The family has up to 24 hours after the death to register the death in the Registry, which, in turn, has up to five days to perform the death registration, and then up to eight days to send the act done to the National Information Center of the Civil Registry ( CRC Nacional), which updates this platform.

It means: The last 13 days are always changing.
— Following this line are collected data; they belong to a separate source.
lemma prod_root_le_if_weighted_sums_le:
  fixes y :: "'a \<Rightarrow> real" and A :: "'a \<Rightarrow> 'a \<Rightarrow> real"
  assumes I: "finite I" "I \<noteq> {}"
    and y_pos: "\<And>i. i \<in> I \<Longrightarrow> 0 < y i"
    and A_nonneg: "\<And>i j. i \<in> I \<Longrightarrow> j \<in> I \<Longrightarrow> 0 \<le> A i j"
    and sums_le: "\<And>j. j \<in> I \<Longrightarrow> (\<Sum>i\<in>I. y i * A i j) \<le> y j"
  shows "(\<Prod>j\<in>I. (\<Prod>i\<in>I. A i j) powr (1 / card I)) \<le> 1 / card I ^ card I"
proof -
  define n where "n = real (card I)"
  define P where "P = (\<Prod>i\<in>I. y i)"
  have n: "n > 0" using I by (simp add: n_def card_gt_0_iff)
  have P: "P > 0" unfolding P_def using y_pos by (intro prod_pos) auto
  have amgm: "n * (P powr (1 / n) * (\<Prod>i\<in>I. A i j) powr (1 / n)) \<le> y j" if j: "j \<in> I" for j
  proof -
    have "(\<Prod>i\<in>I. y i * A i j) powr (1 / n) \<le> (\<Sum>i\<in>I. y i * A i j) / n"
      using arith_geom_mean[OF I, of "\<lambda>i. y i * A i j"] y_pos A_nonneg j
      by (auto simp: n_def sum_divide_distrib less_imp_le)
    also have "\<dots> \<le> y j / n" using sums_le[OF j] n by (simp add: divide_right_mono)
    finally show ?thesis
      using P A_nonneg j n
      by (simp add: P_def prod.distrib powr_mult prod_nonneg field_simps)
  qed
  have "(\<Prod>j\<in>I. n * (P powr (1 / n) * (\<Prod>i\<in>I. A i j) powr (1 / n))) \<le> (\<Prod>j\<in>I. y j)"
    using amgm A_nonneg y_pos n by (intro prod_mono) (auto intro!: mult_nonneg_nonneg prod_nonneg)
  moreover have "(P powr (1 / n)) ^ card I = P"
    using P n by (simp add: n_def powr_realpow[symmetric] powr_powr)
  ultimately have "n ^ card I * P * (\<Prod>j\<in>I. (\<Prod>i\<in>I. A i j) powr (1 / n)) \<le> P"
    by (simp add: prod.distrib P_def)
  then show ?thesis
    using P n by (simp add: n_def field_simps)
qed

locale positive_delay_solution =
  fixes m :: nat and p \<tau> :: "nat \<Rightarrow> real \<Rightarrow> real" and x x' :: "real \<Rightarrow> real" and T :: real
  assumes derivative: "\<And>t. T \<le> t \<Longrightarrow> (x has_real_derivative x' t) (at t within {T..})"
    and equation: "\<And>t. T \<le> t \<Longrightarrow> x' t = - (\<Sum>i=1..m. p i t * x (\<tau> i t))"
    and p_nonneg: "\<And>i t. i \<in> {1..m} \<Longrightarrow> T \<le> t \<Longrightarrow> 0 \<le> p i t"
    and p_cont: "\<And>i. i \<in> {1..m} \<Longrightarrow> continuous_on {T..} (p i)"
    and tau_cont: "\<And>i. i \<in> {1..m} \<Longrightarrow> continuous_on {T..} (\<tau> i)"
    and tau_le: "\<And>i t. i \<in> {1..m} \<Longrightarrow> T \<le> t \<Longrightarrow> \<tau> i t \<le> t"
    and tau_lim: "\<And>i. i \<in> {1..m} \<Longrightarrow> filterlim (\<tau> i) at_top at_top"
    and positive: "\<And>t. T \<le> t \<Longrightarrow> 0 < x t"
begin

lemma eventually_delayed:
  assumes "eventually P at_top"
  shows "eventually (\<lambda>t. \<forall>i\<in>{1..m}. P (\<tau> i t)) at_top"
  using tau_lim assms by (intro eventually_ball_finite) (auto simp: filterlim_iff)

lemma eventually_exp_integral_bound:
  assumes "eventually (\<lambda>s. \<forall>k\<in>{1..m}. r k * x s \<le> x (\<tau> k s)) at_top"
  shows "eventually (\<lambda>a. \<forall>b\<ge>a.
           x b * exp (integral {a..b} (\<lambda>s. \<Sum>k=1..m. r k * p k s)) \<le> x a) at_top"
proof -
  obtain N where N: "\<And>s k. N \<le> s \<Longrightarrow> k \<in> {1..m} \<Longrightarrow> r k * x s \<le> x (\<tau> k s)"
    using assms unfolding eventually_at_top_linorder by blast
  have "x b * exp (integral {a..b} (\<lambda>s. \<Sum>k=1..m. r k * p k s)) \<le> x a"
    if ab: "max N T \<le> a" "a \<le> b" for a b
  proof (rule linear_differential_inequality[OF \<open>a \<le> b\<close>])
    fix s assume "s \<in> {a..b}"
    with ab have "T \<le> s" by auto
    show "(x has_real_derivative x' s) (at s within {a..b})"
      using derivative[OF \<open>T \<le> s\<close>] by (rule DERIV_subset) (use ab in auto)
  next
    show "continuous_on {a..b} (\<lambda>s. \<Sum>k=1..m. r k * p k s)"
      using ab by (intro continuous_on_sum continuous_on_mult_left continuous_on_subset[OF p_cont]) auto
  next
    fix s assume "s \<in> {a..b}"
    with ab have s: "T \<le> s" "N \<le> s" by auto
    have "(\<Sum>k=1..m. r k * p k s) * x s = (\<Sum>k=1..m. p k s * (r k * x s))"
      by (subst sum_distrib_right) (simp add: mult_ac)
    also have "\<dots> \<le> (\<Sum>k=1..m. p k s * x (\<tau> k s))"
      using N[OF s(2)] p_nonneg[OF _ s(1)] by (intro sum_mono mult_left_mono) auto
    finally show "x' s \<le> - (\<Sum>k=1..m. r k * p k s) * x s"
      using equation[OF s(1)] by simp
  qed
  then show ?thesis
    unfolding eventually_at_top_linorder by blast
qed

lemma eventually_decreasing: "eventually (\<lambda>a. \<forall>b\<ge>a. x b \<le> x a) at_top"
proof -
  have "eventually (\<lambda>s. \<forall>k\<in>{1..m}. 0 * x s \<le> x (\<tau> k s)) at_top"
    using eventually_delayed[OF eventually_ge_at_top[of T]]
    by eventually_elim (auto intro: less_imp_le positive)
  from eventually_exp_integral_bound[where r = "\<lambda>_. 0", OF this] show ?thesis
    by simp
qed

lemma eventually_delayed_ratio_ge_one:
  assumes i: "i \<in> {1..m}"
  shows "eventually (\<lambda>t. 1 \<le> x (\<tau> i t) / x t) at_top"
proof -
  have "eventually (\<lambda>t. \<forall>b\<ge>\<tau> i t. x b \<le> x (\<tau> i t)) at_top"
    using tau_lim[OF i] eventually_decreasing by (auto simp: filterlim_iff)
  with eventually_ge_at_top[of T] show ?thesis
  proof eventually_elim
    case (elim t)
    then have "x t \<le> x (\<tau> i t)" using tau_le[OF i] by auto
    then show ?case using positive[OF \<open>T \<le> t\<close>] by simp
  qed
qed

lemma eventually_delayed_ratio_exp_bound:
  assumes i: "i \<in> {1..m}" and ratio: "eventually (\<lambda>s. \<rho> * x s \<le> x (\<tau> i s)) at_top"
  shows "eventually (\<lambda>t. x t * exp (\<rho> * integral {\<tau> i t..t} (p i)) \<le> x (\<tau> i t)) at_top"
proof -
  define r where "r k = (if k = i then \<rho> else 0)" for k
  have ratio_r: "eventually (\<lambda>s. \<forall>k\<in>{1..m}. r k * x s \<le> x (\<tau> k s)) at_top"
    using ratio eventually_delayed[OF eventually_ge_at_top[of T]]
    by eventually_elim (auto simp: r_def intro: less_imp_le positive)
  have sum_r: "(\<Sum>k=1..m. r k * p k s) = \<rho> * p i s" for s
  proof -
    have "(\<Sum>k=1..m. r k * p k s) = (\<Sum>k=1..m. if k = i then \<rho> * p i s else 0)"
      by (rule sum.cong) (auto simp: r_def)
    then show ?thesis using i by simp
  qed
  have "eventually (\<lambda>a. \<forall>b\<ge>a. x b * exp (\<rho> * integral {a..b} (p i)) \<le> x a) at_top"
    using eventually_exp_integral_bound[OF ratio_r] unfolding sum_r by simp
  then have "eventually (\<lambda>t. \<forall>b\<ge>\<tau> i t. x b * exp (\<rho> * integral {\<tau> i t..b} (p i)) \<le> x (\<tau> i t)) at_top"
    using tau_lim[OF i] by (auto simp: filterlim_iff)
  with eventually_ge_at_top[of T] show ?thesis
    by eventually_elim (use tau_le[OF i] in auto)
qed

lemma liminf_delayed_ratio_ge_exp:
  assumes i: "i \<in> {1..m}" and "0 \<le> \<rho>"
    and ratio: "ereal \<rho> < Liminf at_top (\<lambda>t. ereal (x (\<tau> i t) / x t))"
    and integral: "ereal b < Liminf at_top (\<lambda>t. ereal (integral {\<tau> i t..t} (p i)))"
  shows "ereal (exp (\<rho> * b)) \<le> Liminf at_top (\<lambda>t. ereal (x (\<tau> i t) / x t))"
proof -
  have "eventually (\<lambda>s. \<rho> * x s \<le> x (\<tau> i s)) at_top"
    using less_LiminfD[OF ratio] eventually_ge_at_top[of T]
    by eventually_elim (auto simp: pos_less_divide_eq positive less_imp_le)
  from eventually_delayed_ratio_exp_bound[OF i this] less_LiminfD[OF integral] eventually_ge_at_top[of T]
  have "eventually (\<lambda>t. exp (\<rho> * b) \<le> x (\<tau> i t) / x t) at_top"
  proof eventually_elim
    case (elim t)
    have "exp (\<rho> * b) * x t \<le> exp (\<rho> * integral {\<tau> i t..t} (p i)) * x t"
      using elim positive[of t] \<open>0 \<le> \<rho>\<close> by (intro mult_right_mono) (auto intro: mult_left_mono)
    also have "\<dots> \<le> x (\<tau> i t)"
      using elim by (simp add: mult.commute)
    finally show ?case
      using positive[of t] elim by (simp add: pos_le_divide_eq)
  qed
  then show ?thesis
    by (intro Liminf_bounded) (auto elim: eventually_mono)
qed

lemma liminf_delayed_ratio_ge_least_root:
  assumes i: "i \<in> {1..m}"
    and liminf: "Liminf at_top (\<lambda>t. ereal (integral {\<tau> i t..t} (p i))) = ereal \<beta>"
    and "0 < \<beta>" and least: "\<forall>y. exp (\<beta> * y) = y \<longrightarrow> lam \<le> y"
  shows "ereal lam \<le> Liminf at_top (\<lambda>t. ereal (x (\<tau> i t) / x t))" (is "_ \<le> ?L")
proof (rule ccontr)
  assume "\<not> ereal lam \<le> ?L"
  moreover have "ereal 1 \<le> ?L"
    using eventually_delayed_ratio_ge_one[OF i]
    by (intro Liminf_bounded) (auto elim: eventually_mono)
  ultimately obtain l where L: "?L = ereal l" and "1 \<le> l" "l < lam"
    by (cases ?L) auto
  have "exp ((l - \<delta>) * (\<beta> - \<delta>)) \<le> l" if "0 < \<delta>" "\<delta> < min 1 \<beta>" for \<delta>
    using liminf_delayed_ratio_ge_exp[OF i, of "l - \<delta>" "\<beta> - \<delta>"] L liminf that \<open>1 \<le> l\<close>
    by simp
  then have "eventually (\<lambda>\<delta>. exp ((l - \<delta>) * (\<beta> - \<delta>)) \<le> l) (at_right 0)"
    using \<open>0 < \<beta>\<close> unfolding eventually_at_right_field by (intro exI[of _ "min 1 \<beta>"]) auto
  moreover have "((\<lambda>\<delta>. exp ((l - \<delta>) * (\<beta> - \<delta>))) \<longlongrightarrow> exp ((l - 0) * (\<beta> - 0))) (at_right 0)"
    by (intro tendsto_intros)
  ultimately have "exp (\<beta> * l) \<le> l"
    by (auto simp: mult.commute intro: tendsto_upperbound)
  then have "lam \<le> l"
    using least_fixed_point_exp_le[OF least] \<open>1 \<le> l\<close> by simp
  with \<open>l < lam\<close> show False by simp
qed

lemma integral_delayed_terms_le:
  assumes "T \<le> a" "a \<le> b"
    and f_int: "\<And>i. i \<in> {1..m} \<Longrightarrow> f i integrable_on {a..b}"
    and f_le: "\<And>i s. i \<in> {1..m} \<Longrightarrow> s \<in> {a..b} \<Longrightarrow> f i s \<le> p i s * x (\<tau> i s)"
  shows "(\<Sum>i=1..m. integral {a..b} (f i)) \<le> x a - x b"
proof -
  have "(x' has_integral (x b - x a)) {a..b}"
  proof (rule fundamental_theorem_of_calculus[OF \<open>a \<le> b\<close>])
    fix s assume "s \<in> {a..b}"
    then show "(x has_vector_derivative x' s) (at s within {a..b})"
      unfolding has_real_derivative_iff_has_vector_derivative[symmetric]
      by (intro DERIV_subset[OF derivative]) (use assms(1) in auto)
  qed
  from has_integral_neg[OF this]
  have p_sum: "((\<lambda>s. \<Sum>i=1..m. p i s * x (\<tau> i s)) has_integral (x a - x b)) {a..b}"
    using assms(1) equation by (subst has_integral_cong) auto
  have f_sum: "((\<lambda>s. \<Sum>i=1..m. f i s) has_integral (\<Sum>i=1..m. integral {a..b} (f i))) {a..b}"
    using f_int by (intro has_integral_sum) auto
  from f_sum p_sum show ?thesis
    by (rule has_integral_le) (use f_le in \<open>auto intro: sum_mono\<close>)
qed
from brazil_monthly_deaths import brazil_deaths

Since it will access an external website, it will depend on your internet connection and world location. Consider selecting only the states you want to work on. For each month, for all states it may take up to 6 min to run for a single year.

df = brazil_deaths(
    years=[2015, 2016, 2017, 2018, 2019, 2020],
    months=range(1, 13, 1),
    regions=_regions_names,
    states=_states,
    filename="data",
    return_df=True,
    save_csv=True,
    verbose=True,
    *args,
    **kwargs
)

The _regions_names is:

["North", "Northeast", "South", "Southeast", "Center_West"]

The _states is:

[
  "Acre", "Amazonas", "Amapá", "Pará",
  "Rondônia", "Roraima", "Tocantins", "Paraná",
  "Rio Grande do Sul", "Santa Catarina", "Espírito Santo",
  "Minas Gerais", "Rio de Janeiro", "São Paulo",
  "Distrito Federal", "Goiás", "Mato Grosso do Sul",
  "Mato Grosso", "Alagoas", "Bahia", "Ceará",
  "Maranhão", "Paraíba", "Pernambuco",
  "Piauí", "Rio Grande do Norte", "Sergipe"
]

The *args and **kwargs are passed down to df.to_csv(..., *args, **kwargs)

update_df

Use this function after you have scraped recent data from the Civil Registry Offices website to update the data provided in this package.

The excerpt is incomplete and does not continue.